definition graph_dist :: "'a set \<Rightarrow> ('a \<Rightarrow> 'a \<Rightarrow> bool) \<Rightarrow> 'a \<Rightarrow> 'a \<Rightarrow> nat" where
  "graph_dist V E x y =
     (LEAST n. \<exists>ws. is_walk V E ws \<and> hd ws = x \<and> last ws = y \<and> length ws = Suc n)"

text \<open>Vertices are pairs of naturals: u = (0,0), v = (l,0), and x_{i,r} = (i,r) for
  1 \<le> i \<le> l-1, 1 \<le> r \<le> k.  gvert l i r is the vertex x_{i,r} after identification.\<close>
definition gvert :: "nat \<Rightarrow> nat \<Rightarrow> nat \<Rightarrow> nat \<times> nat" where
  "gvert l i r = (if i = 0 then (0, 0) else if i = l then (l, 0) else (i, r))"

definition G_V :: "nat \<Rightarrow> nat \<Rightarrow> (nat \<times> nat) set" where
  "G_V l k = {(0, 0), (l, 0)} \<union> {(i, r). 1 \<le> i \<and> i \<le> l - 1 \<and> 1 \<le> r \<and> r \<le> k}"

definition G_E :: "nat \<Rightarrow> nat \<Rightarrow> nat \<times> nat \<Rightarrow> nat \<times> nat \<Rightarrow> bool" where
  "G_E l k a b \<longleftrightarrow>
     (\<exists>i r. 1 \<le> r \<and> r \<le> k \<and> i < l \<and>
        ((a = gvert l i r \<and> b = gvert l (Suc i) r) \<or> (b = gvert l i r \<and> a = gvert l (Suc i) r)))
     \<or> (a = (0, 0) \<and> b = (l, 0)) \<or> (a = (l, 0) \<and> b = (0, 0))"

end

theory Submission
  imports Defs
begin

(* Along an arm u = x_{0,r}, ..., x_{l,r} = v the eigenvector equation is the three-term
   recurrence of a path, so f(x_{i,r}) = f(x_{1,r}) S(i) with S(i) = U_{i-1}(1 - lambda/2).
   At v, which has k + 1 neighbours, it reads (k + 1 - lambda) S(l) = k S(l - 1); for
   k > 2 l^2 this forces S(i - 1) < S(i + 1) for 1 <= i <= l - 1, because the two-step gap
   S(i + 1) - S(i - 1) decreases in i and is positive at i = l - 1.  So the minimising
   neighbour of x_{i,r} is x_{i-1,r} and the spectral path runs down the whole arm, whereas
   x_{l-1,r}, v, u is a path of length 2. *)

lemma red_laplacian_root_zero:
  assumes "finite V" "f s = 0"
  shows "red_laplacian V E s f x = real (degree V E x) * f x - (\<Sum>y\<in>{y\<in>V. E x y}. f y)"
proof -
  have "(\<Sum>y\<in>{y\<in>V - {s}. E x y}. f y) = (\<Sum>y\<in>{y\<in>V. E x y}. f y)"
    by (rule sum.mono_neutral_left) (use assms in auto)
  then show ?thesis by (simp add: red_laplacian_def)
qed
lemma H10w_form_coercive:
  assumes "xm > 0" "H10w xm v g" "C \<le> a" "C \<le> c - b / 2"
  shows "C * (norm1w xm v g)\<^sup>2 \<le> a * (LINT x:Omega xm|lborel. (x * g x) * (x * g x))
    + b * (LINT x:Omega xm|lborel. v x * (x * g x)) + c * (LINT x:Omega xm|lborel. v x * v x)"
proof -
  define X where "X = (LINT x:Omega xm|lborel. (x * g x)\<^sup>2)"
  define Y where "Y = (LINT x:Omega xm|lborel. (v x)\<^sup>2)"
  have "X \<ge> 0" "Y \<ge> 0"
    unfolding X_def Y_def by (rule set_integral_square_nonneg)+
  have "(norm1w xm v g)\<^sup>2 = Y + X"
    using \<open>X \<ge> 0\<close> \<open>Y \<ge> 0\<close> by (simp add: norm1w_def X_def Y_def power_mult_distrib)
  moreover have "C * X \<le> a * X" "C * Y \<le> (c - b / 2) * Y"
    using assms(3,4) \<open>X \<ge> 0\<close> \<open>Y \<ge> 0\<close> by (auto intro: mult_right_mono)
  ultimately have "C * (norm1w xm v g)\<^sup>2 \<le> a * X + (c - b / 2) * Y"
    by (simp add: distrib_left)
  also have "\<dots> = a * (LINT x:Omega xm|lborel. (x * g x) * (x * g x))
      + b * (LINT x:Omega xm|lborel. v x * (x * g x)) + c * (LINT x:Omega xm|lborel. v x * v x)"
    using H10w_integral_times_x_deriv[OF assms(1,2)]
    by (simp add: X_def Y_def power2_eq_square algebra_simps)
  finally show ?thesis .
qed
definition bernoulli_factory ::
  "real set \<Rightarrow> (real \<Rightarrow> real) \<Rightarrow> (nat \<Rightarrow> (nat \<Rightarrow> bool \<times> real) \<Rightarrow> bool)
    \<Rightarrow> (nat \<Rightarrow> (nat \<Rightarrow> bool \<times> real) \<Rightarrow> bool) \<Rightarrow> bool" where
  "bernoulli_factory S f \<tau> \<gamma> \<longleftrightarrow>
     (\<forall>i>0. \<tau> i \<in> measurable coin_sets (count_space UNIV) \<and> depends_on_prefix i (\<tau> i)) \<and>
     (\<forall>n>0. \<gamma> n \<in> measurable coin_sets (count_space UNIV) \<and> depends_on_prefix n (\<gamma> n)) \<and>
     (\<forall>p\<in>S. (AE \<omega> in coin_space p. \<exists>i>0. \<tau> i \<omega>) \<and>
             measure (coin_space p) {\<omega>\<in>space (coin_space p). factory_output \<tau> \<gamma> \<omega>} = f p)"

definition fast_factory :: "real set \<Rightarrow> (nat \<Rightarrow> (nat \<Rightarrow> bool \<times> real) \<Rightarrow> bool) \<Rightarrow> bool" where
  "fast_factory S \<tau> \<longleftrightarrow>
     (\<forall>p\<in>S. \<exists>A>0. \<exists>\<beta><1. \<forall>n.
        measure (coin_space p) {\<omega>\<in>space (coin_space p). stop_time \<tau> \<omega> > n} \<le> A * \<beta> ^ n)"

end

theory Submission
  imports Defs
begin

text \<open>Realise the coin spaces for all p on one space: draw independent uniform pairs
  (V_i, U_i) and set X_i = [V_i < p]. The factory's outputs at p and at q can only differ
  if some V_j that is actually read lies between p and q. Whether V_j is read depends only on
  the earlier coordinates, so this has probability at most |p - q| times the probability of
  reading V_j; summing over j gives |f p - f q| \<le> E_p[N] |p - q|. Hence f'(p) \<le> E_p[N], and
  the hypothesis on f' yields the bound.\<close>

definition uniform01 :: "real measure" where
  "uniform01 = uniform_measure lborel {0<..<1}"

lemma sets_uniform01 [simp, measurable_cong]: "sets uniform01 = sets lborel"
  by (simp add: uniform01_def)

lemma space_uniform01 [simp]: "space uniform01 = UNIV"
  by (simp add: uniform01_def)

lemma prob_space_uniform01: "prob_space uniform01"
  unfolding uniform01_def by (rule prob_space_uniform_measure) auto

lemma emeasure_uniform01:
  "A \<in> sets lborel \<Longrightarrow> emeasure uniform01 A = emeasure lborel ({0<..<1} \<inter> A)"
  unfolding uniform01_def by (subst emeasure_uniform_measure) (auto simp: divide_ennreal_def)

lemma emeasure_uniform01_atLeastLessThan:
  assumes "0 \<le> a" "a \<le> b" "b \<le> 1"
  shows "emeasure uniform01 {a..<b} = ennreal (b - a)"
proof -
  have "{0<..<1} \<inter> {a..<b} = (if a = 0 then {0<..<b} else {a..<b})"
    using assms by auto
  then show ?thesis
    using assms by (simp add: emeasure_uniform01)
qed

lemma emeasure_uniform01_lessThan:
  assumes "0 \<le> p" "p \<le> 1"
  shows "emeasure uniform01 {..<p} = ennreal p"
proof -
  have "{0<..<1} \<inter> {..<p} = {0<..<p}"
    using assms by auto
  then show ?thesis
    using assms by (simp add: emeasure_uniform01)
qed

lemma distr_uniform01_less_eq_bernoulli:
  assumes "0 \<le> p" "p \<le> 1"
  shows "distr uniform01 (measure_pmf (bernoulli_pmf p)) (\<lambda>v. v < p) = measure_pmf (bernoulli_pmf p)"
proof (rule measure_eqI_finite[where A=UNIV])
  interpret prob_space uniform01
    by (rule prob_space_uniform01)
  have less_meas: "(\<lambda>v::real. v < p) \<in> measurable uniform01 (measure_pmf (bernoulli_pmf p))"
    by simp
  fix b :: bool
  have "emeasure uniform01 ((\<lambda>v. v < p) -` {b}) = ennreal (if b then p else 1 - p)"
  proof (cases b)
    case True
    then have "(\<lambda>v. v < p) -` {b} = {..<p}"
      by auto
    then show ?thesis
      using True assms by (simp add: emeasure_uniform01_lessThan)
  next
    case False
    then have "(\<lambda>v. v < p) -` {b} = space uniform01 - {..<p}"
      by auto
    then show ?thesis
      using False assms emeasure_compl[of "{..<p}" uniform01] ennreal_minus[of p 1]
      by (simp add: emeasure_space_1 emeasure_uniform01_lessThan del: space_uniform01)
  qed
  then show "emeasure (distr uniform01 (measure_pmf (bernoulli_pmf p)) (\<lambda>v. v < p)) {b} =
      emeasure (measure_pmf (bernoulli_pmf p)) {b}"
    using assms less_meas by (simp add: emeasure_distr emeasure_pmf_single)
qed auto
(* Let $\delta\in[0,1/2]$ satisfy $H(\delta)<1/3$. Then there exist arbitrarily long binary linear $3$-CIS codes of rate $1/3$ with relative minimum distance at least $\delta$; more precisely, for all sufficiently large $k$ there is a binary linear $3$-CIS $[3k,k]$ code of minimum distance at least $3\delta k$.
   Context: $H(x)=-x\log_2x-(1-x)\log_2(1-x)$ is the binary entropy function. A binary linear $[3k,k]$ code is $3$-CIS if its coordinate set can be partitioned into $3$ pairwise disjoint information sets, an information set being a set of $k$ coordinates whose columns in a generator matrix are linearly independent. *)

theory Defs
  imports Complex_Main
begin

text \<open>Binary entropy function. Note: in Isabelle, log 2 0 = 0, so H 0 = H 1 = 0,
  matching the usual convention 0 log 0 = 0.\<close>
definition H :: "real \<Rightarrow> real" where
  "H x = - x * log 2 x - (1 - x) * log 2 (1 - x)"

text \<open>Binary vectors over GF(2) are represented as bool-valued functions; a k x n
  matrix G over GF(2) is a function nat => nat => bool (entry in row i, column j),
  only the entries with i < k, j < n being relevant.\<close>
definition row_comb :: "(nat \<Rightarrow> nat \<Rightarrow> bool) \<Rightarrow> nat set \<Rightarrow> nat \<Rightarrow> bool" where
  "row_comb G S j = odd (card {i \<in> S. G i j})"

_____

WORK TO COMPLETE: Could you restate word for word the lines above from the one containing "real (degree V" through the one containing "by (rule sum.mono_neutral_left)", both included, and nothing else?

SOLUTION:
  shows "red_laplacian V E s f x = real (degree V E x) * f x - (\<Sum>y\<in>{y\<in>V. E x y}. f y)"
proof -
  have "(\<Sum>y\<in>{y\<in>V - {s}. E x y}. f y) = (\<Sum>y\<in>{y\<in>V. E x y}. f y)"
    by (rule sum.mono_neutral_left) (use assms in auto)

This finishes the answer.